*** DATA IN THIS EXERCISE Section Begins ***

lemma band_eq_Least:
  assumes "t0 \<le> t"
  shows "band t t0 = (LEAST a. \<not> band_exceeds t t0 a)"
proof -
  define A where "A = (LEAST a. \<not> band_exceeds t t0 a)"
  have "\<not> band_exceeds t t0 t"
    by (rule not_band_exceeds_if_less_power) (simp add: less_exp)
  then have not_A: "\<not> band_exceeds t t0 A"
    unfolding A_def by (rule LeastI)
  have below_A: "band_exceeds t t0 b" if "b < A" for b
    using that not_less_Least unfolding A_def by blast
  show ?thesis
  proof (cases "t = t0")
    case True
    then have "\<not> band_exceeds t t0 0" unfolding band_exceeds_def by simp
    then show ?thesis using True by (simp add: band_def Least_eq_0)
  next
    case False
    then have "band_exceeds t t0 0" unfolding band_exceeds_def using assms by simp
    then have "1 \<le> A" using not_A by (cases A) auto
    have "(THE \<alpha>. 1 \<le> \<alpha> \<and> 2^(\<alpha>-1) + t mod 2^(\<alpha>-1) \<le> t - t0 \<and> t - t0 < 2^\<alpha> + t mod 2^\<alpha>) = A"
    proof (rule the_equality)
      show "1 \<le> A \<and> 2^(A-1) + t mod 2^(A-1) \<le> t - t0 \<and> t - t0 < 2^A + t mod 2^A"
        using \<open>1 \<le> A\<close> below_A[of "A-1"] not_A unfolding band_exceeds_def by auto
    next
      fix \<beta> assume "1 \<le> \<beta> \<and> 2^(\<beta>-1) + t mod 2^(\<beta>-1) \<le> t - t0 \<and> t - t0 < 2^\<beta> + t mod 2^\<beta>"
      then have "band_exceeds t t0 (\<beta>-1)" "\<not> band_exceeds t t0 \<beta>" "1 \<le> \<beta>"
        unfolding band_exceeds_def by auto
      moreover have "\<not> A < \<beta>"
        using band_exceeds_antimono[of t t0 "\<beta>-1" A] \<open>band_exceeds t t0 (\<beta>-1)\<close> not_A by linarith
      ultimately show "\<beta> = A" using below_A by (meson linorder_neqE_nat)
    qed
    then show ?thesis using False unfolding band_def A_def by (simp only: if_False)
  qed
qed

lemma band_le_iff:
  assumes "t0 \<le> t"
  shows "band t t0 \<le> a \<longleftrightarrow> \<not> band_exceeds t t0 a"
proof
  have "\<not> band_exceeds t t0 (LEAST a. \<not> band_exceeds t t0 a)"
    by (rule LeastI[of _ t], rule not_band_exceeds_if_less_power) (simp add: less_exp)
  then show "band t t0 \<le> a \<Longrightarrow> \<not> band_exceeds t t0 a"
    using band_exceeds_antimono band_eq_Least[OF assms] by metis
  show "\<not> band_exceeds t t0 a \<Longrightarrow> band t t0 \<le> a"
    using band_eq_Least[OF assms] by (simp add: Least_le)
qed

lemma not_band_exceeds_band: "t0 \<le> t \<Longrightarrow> \<not> band_exceeds t t0 (band t t0)"
  using band_le_iff by blast

lemma band_le_if_less_power: "t0 \<le> t \<Longrightarrow> t < 2^a \<Longrightarrow> band t t0 \<le> a"
  using band_le_iff not_band_exceeds_if_less_power by blast

lemma power_band_le:
  assumes "t0 \<le> t"
  shows "2 ^ band t t0 \<le> 2 * (t - t0 + 1)"
proof (cases "band t t0")
  case (Suc b)
  then have "band_exceeds t t0 b" using band_le_iff[OF assms, of b] by simp
  then show ?thesis using Suc unfolding band_exceeds_def by simp
qed simp

lemma band_le_imp_late:
  assumes "t0 \<le> t" "band t t0 \<le> \<alpha>"
  shows "t + 2 \<le> t0 + 2 ^ Suc \<alpha>"
proof -
  have "t - t0 < 2^\<alpha> + t mod 2^\<alpha>"
    using assms band_le_iff unfolding band_exceeds_def by (simp add: not_le)
  moreover have "t mod 2^\<alpha> < 2^\<alpha>" by simp
  moreover have "(2::nat) ^ Suc \<alpha> = 2 * 2^\<alpha>" by simp
  ultimately show ?thesis using assms(1) by linarith
qed

lemma band_mono_time:
  assumes "t0 \<le> t" "t \<le> t'"
  shows "band t t0 \<le> band t' t0"
proof -
  have "band_exceeds t' t0 a" if "band_exceeds t t0 a" for a
  proof -
    have "2^a * (t div 2^a) \<le> 2^a * (t' div 2^a)" using assms(2) by (simp add: div_le_mono)
    moreover have "t0 + 2^a \<le> 2^a * (t div 2^a)" using that band_exceeds_iff[OF assms(1)] by simp
    ultimately have "t0 + 2^a \<le> 2^a * (t' div 2^a)" by linarith
    then show ?thesis using band_exceeds_iff[of t0 t'] assms by simp
  qed
  moreover have "\<not> band_exceeds t' t0 (band t' t0)"
    using not_band_exceeds_band assms by (meson le_trans)
  ultimately show ?thesis using band_le_iff[OF assms(1), of "band t' t0"] by blast
qed

lemma band_antimono_t0:
  assumes "x \<le> y" "y \<le> t"
  shows "band t y \<le> band t x"
proof -
  have "band_exceeds t x a" if "band_exceeds t y a" for a
    using that assms unfolding band_exceeds_def by linarith
  moreover have "\<not> band_exceeds t x (band t x)"
    using not_band_exceeds_band assms by (meson le_trans)
  ultimately show ?thesis using band_le_iff[OF assms(2), of "band t x"] by blast
qed

lemma band_exceeds_of_same_band:
  assumes "x < y" "y \<le> t" "t \<le> t'" "band t x = \<beta>" "band t y = \<beta>" "\<beta> \<le> \<alpha>"
    and "band_exceeds t' x \<alpha>"
  shows "band_exceeds t' y \<alpha>"
proof -
  have "x \<le> t" "x \<le> t'" "y \<le> t'" using assms(1-3) by linarith+
  have x_band: "\<not> band_exceeds t x \<beta>"
    using not_band_exceeds_band[OF \<open>x \<le> t\<close>] assms(4) by simp
  obtain b where b: "\<beta> = Suc b"
  proof (cases \<beta>)
    case 0
    then have "t \<le> x" using x_band unfolding band_exceeds_def by simp
    then show ?thesis using assms(1,2) by linarith
  qed
  have "band_exceeds t y b" using band_le_iff[OF assms(2), of b] assms(5) b by simp
  then have "y + 2^b \<le> 2^b * (t div 2^b)" using band_exceeds_iff[OF assms(2)] by simp
  then have y_le: "y \<le> 2^\<beta> * (t div 2^\<beta>)" using round_down_Suc_power[of b t] unfolding b by linarith
  have x_gt: "2^\<beta> * (t div 2^\<beta>) < x + 2^\<beta>"
    using x_band band_exceeds_iff[OF \<open>x \<le> t\<close>] by simp
  (* x and y lie in the aligned block (F - 2^\<beta>, F] with F = 2^\<beta> * (t div 2^\<beta>), while the
     threshold M of band \<alpha> at time t' is a multiple of 2^\<beta>, so it cannot separate them. *)
  define M where "M = 2^\<alpha> * (t' div 2^\<alpha>) - 2^\<alpha>"
  have x_le: "x + 2^\<alpha> \<le> 2^\<alpha> * (t' div 2^\<alpha>)"
    using assms(7) band_exceeds_iff[OF \<open>x \<le> t'\<close>] by simp
  have "(2::nat)^\<beta> dvd 2^\<alpha>" using assms(6) by (simp add: le_imp_power_dvd)
  then have "2^\<beta> dvd M" unfolding M_def by (intro dvd_diff_nat dvd_mult2) simp_all
  moreover have "2^\<beta> * (t div 2^\<beta>) < M + 2^\<beta>" using x_gt x_le unfolding M_def by linarith
  ultimately have "2^\<beta> * (t div 2^\<beta>) \<le> M" by (intro le_of_dvd_of_less_add) simp_all
  then have "y + 2^\<alpha> \<le> 2^\<alpha> * (t' div 2^\<alpha>)" using y_le x_le unfolding M_def by linarith
  then show ?thesis using band_exceeds_iff[OF \<open>y \<le> t'\<close>] by simp
qed

lemma band_le_mono_time:
  assumes "x \<le> t" "y \<le> t" "t \<le> t'" "band t x \<le> band t y"
  shows "band t' x \<le> band t' y"
proof (cases "y \<le> x")
  case True
  then show ?thesis using band_antimono_t0[of y x t'] assms(1,3) by simp
next
  case False
  have same: "band t x = band t y"
    using band_antimono_t0[of x y t] False assms(2,4) by simp
  have "y \<le> t'" using assms(2,3) by simp
  have "\<not> band_exceeds t' x (band t' y)"
  proof
    assume "band_exceeds t' x (band t' y)"
    moreover have "band t y \<le> band t' y" using band_mono_time assms(2,3) .
    ultimately have "band_exceeds t' y (band t' y)"
      using band_exceeds_of_same_band[of x y t t' "band t y"] False same assms(2,3) by simp
    then show False using not_band_exceeds_band[OF \<open>y \<le> t'\<close>] by contradiction
  qed
  then show ?thesis using band_le_iff[of x t'] assms(1,3) by simp
qed

section \<open>Stream times and arrived weight\<close>

lemma Wsum_Suc: "Wsum w (Suc k) = Wsum w k + w (Suc k)"
  by (simp add: Wsum_def)

lemma Wsum_split:
  assumes "1 \<le> u" "u \<le> k"
  shows "Wsum w k = Wsum w (u - 1) + (\<Sum>v = u..k. w v)"
proof -
  have "{1..k} = {1..u - 1} \<union> {u..k}" using assms by auto
  then show ?thesis unfolding Wsum_def by (simp add: sum.union_disjoint)
qed

lemma tval_mono:
  assumes "0 < \<epsilon>" "k \<le> k'"
  shows "tval \<epsilon> w k \<le> tval \<epsilon> w k'"
proof -
  have "Wsum w k \<le> Wsum w k'" unfolding Wsum_def using assms(2) by (intro sum_mono2) auto
  then have "\<epsilon> * real (Wsum w k) \<le> \<epsilon> * real (Wsum w k')" using assms(1) by simp
  then show ?thesis unfolding tval_def by (intro nat_mono floor_mono)
qed

lemma tval_le_t0val_Suc:
  assumes "0 < \<epsilon>"
  shows "tval \<epsilon> w k \<le> t0val \<epsilon> w (Suc k)"
proof -
  have "\<epsilon> * real (Wsum w k) \<le> \<epsilon> * (real (Wsum w k) + 1)" using assms by simp
  then show ?thesis unfolding tval_def t0val_def by (simp add: nat_mono floor_mono)
qed

lemma t0val_le_tval:
  assumes "0 < \<epsilon>" "0 < w (Suc k)"
  shows "t0val \<epsilon> w (Suc k) \<le> tval \<epsilon> w (Suc k)"
proof -
  have "real (Wsum w k) + 1 \<le> real (Wsum w (Suc k))" using assms(2) by (simp add: Wsum_Suc)
  then have "\<epsilon> * (real (Wsum w k) + 1) \<le> \<epsilon> * real (Wsum w (Suc k))" using assms(1) by simp
  then show ?thesis unfolding tval_def t0val_def by (simp add: nat_mono floor_mono)
qed

lemma t0val_le_tval_of_le:
  assumes "0 < \<epsilon>" "\<forall>i. 0 < w i" "1 \<le> u" "u \<le> k"
  shows "t0val \<epsilon> w u \<le> tval \<epsilon> w k"
proof -
  obtain j where "u = Suc j" using assms(3) by (cases u) auto
  then show ?thesis
    using t0val_le_tval[OF assms(1), of w j] tval_mono[OF assms(1,4), of w] assms(2)
    by (simp add: le_trans)
qed

lemma weight_since_bound:
  assumes "0 < \<epsilon>"
  shows "\<epsilon> * (real (Wsum w k) - real (Wsum w (u - 1))) < real (tval \<epsilon> w k) + 1 - real (t0val \<epsilon> w u) + \<epsilon>"
proof -
  have "0 \<le> \<epsilon> * (real (Wsum w (u - 1)) + 1)" "0 \<le> \<epsilon> * real (Wsum w k)"
    using assms by simp_all
  then have "real (t0val \<epsilon> w u) \<le> \<epsilon> * (real (Wsum w (u - 1)) + 1)"
    and "\<epsilon> * real (Wsum w k) < real (tval \<epsilon> w k) + 1"
    unfolding t0val_def tval_def by linarith+
  then show ?thesis by (simp add: algebra_simps)
qed

definition arrived_mass :: "real \<Rightarrow> (nat \<Rightarrow> nat) \<Rightarrow> nat \<Rightarrow> nat \<Rightarrow> nat \<Rightarrow> nat" where
  "arrived_mass \<epsilon> w k t \<alpha> = (\<Sum>u | 1 \<le> u \<and> u \<le> k \<and> band t (t0val \<epsilon> w u) \<le> \<alpha>. w u)"

lemma arrived_mass_0: "arrived_mass \<epsilon> w 0 t \<alpha> = 0"
  by (simp add: arrived_mass_def)

lemma arrived_mass_Suc:
  "arrived_mass \<epsilon> w (Suc k) t \<alpha> =
     arrived_mass \<epsilon> w k t \<alpha> + (if band t (t0val \<epsilon> w (Suc k)) \<le> \<alpha> then w (Suc k) else 0)"
proof -
  let ?U = "\<lambda>k. {u. 1 \<le> u \<and> u \<le> k \<and> band t (t0val \<epsilon> w u) \<le> \<alpha>}"
  have "finite (?U k)" by (rule finite_subset[of _ "{..k}"]) auto
  moreover have "?U (Suc k) = (if band t (t0val \<epsilon> w (Suc k)) \<le> \<alpha> then insert (Suc k) (?U k) else ?U k)"
    by (auto simp: le_Suc_eq)
  ultimately show ?thesis unfolding arrived_mass_def by simp
qed

lemma arrived_mass_bound:
  assumes "0 < \<epsilon>" "\<epsilon> < 1" "\<forall>i. 0 < w i"
  shows "\<epsilon> * real (arrived_mass \<epsilon> w k (tval \<epsilon> w k) \<alpha>) < 2 ^ Suc \<alpha>"
proof -
  define t where "t = tval \<epsilon> w k"
  define U where "U = {u. 1 \<le> u \<and> u \<le> k \<and> band t (t0val \<epsilon> w u) \<le> \<alpha>}"
  have "finite U" by (rule finite_subset[of _ "{..k}"]) (auto simp: U_def)
  show ?thesis
  proof (cases "U = {}")
    case True
    then have "arrived_mass \<epsilon> w k t \<alpha> = 0" unfolding arrived_mass_def U_def[symmetric] by simp
    then show ?thesis unfolding t_def by simp
  next
    case False
    define u where "u = Min U"
    have "u \<in> U" using False \<open>finite U\<close> by (simp add: u_def)
    then have u: "1 \<le> u" "u \<le> k" and band_u: "band t (t0val \<epsilon> w u) \<le> \<alpha>" by (auto simp: U_def)
    have "U \<subseteq> {u..k}" using \<open>finite U\<close> by (auto simp: u_def U_def)
    then have "arrived_mass \<epsilon> w k t \<alpha> \<le> (\<Sum>v = u..k. w v)"
      unfolding arrived_mass_def U_def[symmetric] by (intro sum_mono2) auto
    then have "arrived_mass \<epsilon> w k t \<alpha> + Wsum w (u - 1) \<le> Wsum w k"
      using Wsum_split[OF u, of w] by simp
    then have "real (arrived_mass \<epsilon> w k t \<alpha>) \<le> real (Wsum w k) - real (Wsum w (u - 1))"
      by (simp flip: of_nat_add of_nat_le_iff)
    then have "\<epsilon> * real (arrived_mass \<epsilon> w k t \<alpha>) \<le> \<epsilon> * (real (Wsum w k) - real (Wsum w (u - 1)))"
      using assms(1) by simp
    moreover have "t0val \<epsilon> w u \<le> t" unfolding t_def using t0val_le_tval_of_le assms u by blast
    then have "t + 2 \<le> t0val \<epsilon> w u + 2 ^ Suc \<alpha>" using band_le_imp_late band_u by blast
    then have "real (t + 2) \<le> real (t0val \<epsilon> w u + 2 ^ Suc \<alpha>)" by (simp only: of_nat_le_iff)
    ultimately show ?thesis
      using weight_since_bound[OF assms(1), of w k u] assms(2) unfolding t_def by simp
  qed
qed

*** DATA IN THIS EXERCISE Section Ends ***

WHAT YOU HAVE TO DO
Check all the records above and select each line where the string "LeastI" is found.

SOLVED PROBLEM
    unfolding A_def by (rule LeastI)
    by (rule LeastI[of _ t], rule not_band_exceeds_if_less_power) (simp add: less_exp)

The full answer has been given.